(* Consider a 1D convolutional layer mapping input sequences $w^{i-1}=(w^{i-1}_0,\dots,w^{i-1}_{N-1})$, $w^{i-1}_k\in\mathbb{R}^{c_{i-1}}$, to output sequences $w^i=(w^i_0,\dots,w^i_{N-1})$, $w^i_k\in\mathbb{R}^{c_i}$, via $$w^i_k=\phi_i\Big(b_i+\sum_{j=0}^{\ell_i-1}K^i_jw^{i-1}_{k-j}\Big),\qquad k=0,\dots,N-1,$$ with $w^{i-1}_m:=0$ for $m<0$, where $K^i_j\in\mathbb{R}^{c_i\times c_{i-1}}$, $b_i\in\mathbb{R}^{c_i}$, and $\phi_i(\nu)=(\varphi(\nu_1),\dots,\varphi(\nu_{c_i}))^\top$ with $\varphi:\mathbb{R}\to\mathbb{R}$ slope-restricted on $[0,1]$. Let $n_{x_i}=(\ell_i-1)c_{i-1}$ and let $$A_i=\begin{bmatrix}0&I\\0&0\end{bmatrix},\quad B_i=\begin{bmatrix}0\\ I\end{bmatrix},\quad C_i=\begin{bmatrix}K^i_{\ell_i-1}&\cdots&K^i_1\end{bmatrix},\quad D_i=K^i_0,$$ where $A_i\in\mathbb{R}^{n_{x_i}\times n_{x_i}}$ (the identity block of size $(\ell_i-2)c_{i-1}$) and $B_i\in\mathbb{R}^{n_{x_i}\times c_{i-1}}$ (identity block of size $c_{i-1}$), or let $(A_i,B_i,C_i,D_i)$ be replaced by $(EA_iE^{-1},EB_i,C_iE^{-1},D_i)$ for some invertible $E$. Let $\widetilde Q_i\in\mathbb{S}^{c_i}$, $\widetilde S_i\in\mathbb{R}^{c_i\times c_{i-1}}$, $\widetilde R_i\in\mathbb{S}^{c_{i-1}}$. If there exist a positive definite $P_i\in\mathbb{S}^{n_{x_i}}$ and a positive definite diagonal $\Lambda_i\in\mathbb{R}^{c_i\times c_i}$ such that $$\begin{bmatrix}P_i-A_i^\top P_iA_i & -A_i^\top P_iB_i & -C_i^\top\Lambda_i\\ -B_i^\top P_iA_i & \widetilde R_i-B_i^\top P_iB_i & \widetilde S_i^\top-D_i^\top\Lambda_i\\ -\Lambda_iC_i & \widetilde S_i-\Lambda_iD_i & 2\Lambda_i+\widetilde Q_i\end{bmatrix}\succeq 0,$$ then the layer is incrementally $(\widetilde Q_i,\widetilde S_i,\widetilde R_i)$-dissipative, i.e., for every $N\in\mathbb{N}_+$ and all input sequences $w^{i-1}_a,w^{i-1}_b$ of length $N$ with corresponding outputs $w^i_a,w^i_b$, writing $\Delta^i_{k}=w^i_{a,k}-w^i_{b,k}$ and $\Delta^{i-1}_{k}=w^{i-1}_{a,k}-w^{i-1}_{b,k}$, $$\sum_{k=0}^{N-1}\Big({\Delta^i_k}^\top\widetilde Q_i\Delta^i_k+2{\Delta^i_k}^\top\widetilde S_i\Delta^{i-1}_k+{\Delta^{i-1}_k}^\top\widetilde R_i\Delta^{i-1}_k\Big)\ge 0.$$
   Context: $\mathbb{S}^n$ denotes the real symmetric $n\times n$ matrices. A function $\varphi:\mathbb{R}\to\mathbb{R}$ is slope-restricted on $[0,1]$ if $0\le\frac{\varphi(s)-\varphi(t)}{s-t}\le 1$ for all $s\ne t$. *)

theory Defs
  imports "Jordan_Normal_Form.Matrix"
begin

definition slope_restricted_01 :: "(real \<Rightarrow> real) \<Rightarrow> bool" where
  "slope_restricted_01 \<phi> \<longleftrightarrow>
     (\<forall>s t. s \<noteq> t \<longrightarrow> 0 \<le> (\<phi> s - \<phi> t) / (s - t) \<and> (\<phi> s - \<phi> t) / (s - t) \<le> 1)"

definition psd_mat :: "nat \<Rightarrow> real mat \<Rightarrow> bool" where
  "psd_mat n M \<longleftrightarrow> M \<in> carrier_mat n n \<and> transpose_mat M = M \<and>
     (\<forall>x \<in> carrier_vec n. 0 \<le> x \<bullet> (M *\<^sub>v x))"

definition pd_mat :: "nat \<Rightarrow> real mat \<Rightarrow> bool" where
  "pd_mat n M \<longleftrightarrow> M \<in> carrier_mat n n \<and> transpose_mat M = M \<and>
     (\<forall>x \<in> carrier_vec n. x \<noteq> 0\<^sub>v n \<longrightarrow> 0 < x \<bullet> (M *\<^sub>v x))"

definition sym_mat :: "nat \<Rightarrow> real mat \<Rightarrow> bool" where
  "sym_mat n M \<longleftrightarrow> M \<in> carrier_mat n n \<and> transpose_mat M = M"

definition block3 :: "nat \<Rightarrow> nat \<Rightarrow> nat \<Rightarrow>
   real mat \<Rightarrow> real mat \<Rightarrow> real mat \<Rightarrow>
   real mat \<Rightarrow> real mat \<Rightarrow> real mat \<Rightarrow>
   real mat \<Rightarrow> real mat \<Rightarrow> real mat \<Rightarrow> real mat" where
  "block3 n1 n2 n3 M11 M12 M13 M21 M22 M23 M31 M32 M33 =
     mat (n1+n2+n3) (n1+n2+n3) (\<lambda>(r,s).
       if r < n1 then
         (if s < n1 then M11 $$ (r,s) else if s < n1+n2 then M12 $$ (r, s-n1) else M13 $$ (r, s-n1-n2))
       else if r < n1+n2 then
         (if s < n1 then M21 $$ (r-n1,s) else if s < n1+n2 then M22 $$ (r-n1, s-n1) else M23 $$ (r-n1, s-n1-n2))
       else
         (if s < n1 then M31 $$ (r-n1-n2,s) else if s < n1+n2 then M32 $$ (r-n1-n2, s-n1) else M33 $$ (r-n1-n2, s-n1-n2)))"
════════════════════
How to complete this task
Start to finish, give the listing again exactly.

Exercise result
(* Consider a 1D convolutional layer mapping input sequences $w^{i-1}=(w^{i-1}_0,\dots,w^{i-1}_{N-1})$, $w^{i-1}_k\in\mathbb{R}^{c_{i-1}}$, to output sequences $w^i=(w^i_0,\dots,w^i_{N-1})$, $w^i_k\in\mathbb{R}^{c_i}$, via $$w^i_k=\phi_i\Big(b_i+\sum_{j=0}^{\ell_i-1}K^i_jw^{i-1}_{k-j}\Big),\qquad k=0,\dots,N-1,$$ with $w^{i-1}_m:=0$ for $m<0$, where $K^i_j\in\mathbb{R}^{c_i\times c_{i-1}}$, $b_i\in\mathbb{R}^{c_i}$, and $\phi_i(\nu)=(\varphi(\nu_1),\dots,\varphi(\nu_{c_i}))^\top$ with $\varphi:\mathbb{R}\to\mathbb{R}$ slope-restricted on $[0,1]$. Let $n_{x_i}=(\ell_i-1)c_{i-1}$ and let $$A_i=\begin{bmatrix}0&I\\0&0\end{bmatrix},\quad B_i=\begin{bmatrix}0\\ I\end{bmatrix},\quad C_i=\begin{bmatrix}K^i_{\ell_i-1}&\cdots&K^i_1\end{bmatrix},\quad D_i=K^i_0,$$ where $A_i\in\mathbb{R}^{n_{x_i}\times n_{x_i}}$ (the identity block of size $(\ell_i-2)c_{i-1}$) and $B_i\in\mathbb{R}^{n_{x_i}\times c_{i-1}}$ (identity block of size $c_{i-1}$), or let $(A_i,B_i,C_i,D_i)$ be replaced by $(EA_iE^{-1},EB_i,C_iE^{-1},D_i)$ for some invertible $E$. Let $\widetilde Q_i\in\mathbb{S}^{c_i}$, $\widetilde S_i\in\mathbb{R}^{c_i\times c_{i-1}}$, $\widetilde R_i\in\mathbb{S}^{c_{i-1}}$. If there exist a positive definite $P_i\in\mathbb{S}^{n_{x_i}}$ and a positive definite diagonal $\Lambda_i\in\mathbb{R}^{c_i\times c_i}$ such that $$\begin{bmatrix}P_i-A_i^\top P_iA_i & -A_i^\top P_iB_i & -C_i^\top\Lambda_i\\ -B_i^\top P_iA_i & \widetilde R_i-B_i^\top P_iB_i & \widetilde S_i^\top-D_i^\top\Lambda_i\\ -\Lambda_iC_i & \widetilde S_i-\Lambda_iD_i & 2\Lambda_i+\widetilde Q_i\end{bmatrix}\succeq 0,$$ then the layer is incrementally $(\widetilde Q_i,\widetilde S_i,\widetilde R_i)$-dissipative, i.e., for every $N\in\mathbb{N}_+$ and all input sequences $w^{i-1}_a,w^{i-1}_b$ of length $N$ with corresponding outputs $w^i_a,w^i_b$, writing $\Delta^i_{k}=w^i_{a,k}-w^i_{b,k}$ and $\Delta^{i-1}_{k}=w^{i-1}_{a,k}-w^{i-1}_{b,k}$, $$\sum_{k=0}^{N-1}\Big({\Delta^i_k}^\top\widetilde Q_i\Delta^i_k+2{\Delta^i_k}^\top\widetilde S_i\Delta^{i-1}_k+{\Delta^{i-1}_k}^\top\widetilde R_i\Delta^{i-1}_k\Big)\ge 0.$$
   Context: $\mathbb{S}^n$ denotes the real symmetric $n\times n$ matrices. A function $\varphi:\mathbb{R}\to\mathbb{R}$ is slope-restricted on $[0,1]$ if $0\le\frac{\varphi(s)-\varphi(t)}{s-t}\le 1$ for all $s\ne t$. *)

theory Defs
  imports "Jordan_Normal_Form.Matrix"
begin

definition slope_restricted_01 :: "(real \<Rightarrow> real) \<Rightarrow> bool" where
  "slope_restricted_01 \<phi> \<longleftrightarrow>
     (\<forall>s t. s \<noteq> t \<longrightarrow> 0 \<le> (\<phi> s - \<phi> t) / (s - t) \<and> (\<phi> s - \<phi> t) / (s - t) \<le> 1)"

definition psd_mat :: "nat \<Rightarrow> real mat \<Rightarrow> bool" where
  "psd_mat n M \<longleftrightarrow> M \<in> carrier_mat n n \<and> transpose_mat M = M \<and>
     (\<forall>x \<in> carrier_vec n. 0 \<le> x \<bullet> (M *\<^sub>v x))"

definition pd_mat :: "nat \<Rightarrow> real mat \<Rightarrow> bool" where
  "pd_mat n M \<longleftrightarrow> M \<in> carrier_mat n n \<and> transpose_mat M = M \<and>
     (\<forall>x \<in> carrier_vec n. x \<noteq> 0\<^sub>v n \<longrightarrow> 0 < x \<bullet> (M *\<^sub>v x))"

definition sym_mat :: "nat \<Rightarrow> real mat \<Rightarrow> bool" where
  "sym_mat n M \<longleftrightarrow> M \<in> carrier_mat n n \<and> transpose_mat M = M"

definition block3 :: "nat \<Rightarrow> nat \<Rightarrow> nat \<Rightarrow>
   real mat \<Rightarrow> real mat \<Rightarrow> real mat \<Rightarrow>
   real mat \<Rightarrow> real mat \<Rightarrow> real mat \<Rightarrow>
   real mat \<Rightarrow> real mat \<Rightarrow> real mat \<Rightarrow> real mat" where
  "block3 n1 n2 n3 M11 M12 M13 M21 M22 M23 M31 M32 M33 =
     mat (n1+n2+n3) (n1+n2+n3) (\<lambda>(r,s).
       if r < n1 then
         (if s < n1 then M11 $$ (r,s) else if s < n1+n2 then M12 $$ (r, s-n1) else M13 $$ (r, s-n1-n2))
       else if r < n1+n2 then
         (if s < n1 then M21 $$ (r-n1,s) else if s < n1+n2 then M22 $$ (r-n1, s-n1) else M23 $$ (r-n1, s-n1-n2))
       else
         (if s < n1 then M31 $$ (r-n1-n2,s) else if s < n1+n2 then M32 $$ (r-n1-n2, s-n1) else M33 $$ (r-n1-n2, s-n1-n2)))"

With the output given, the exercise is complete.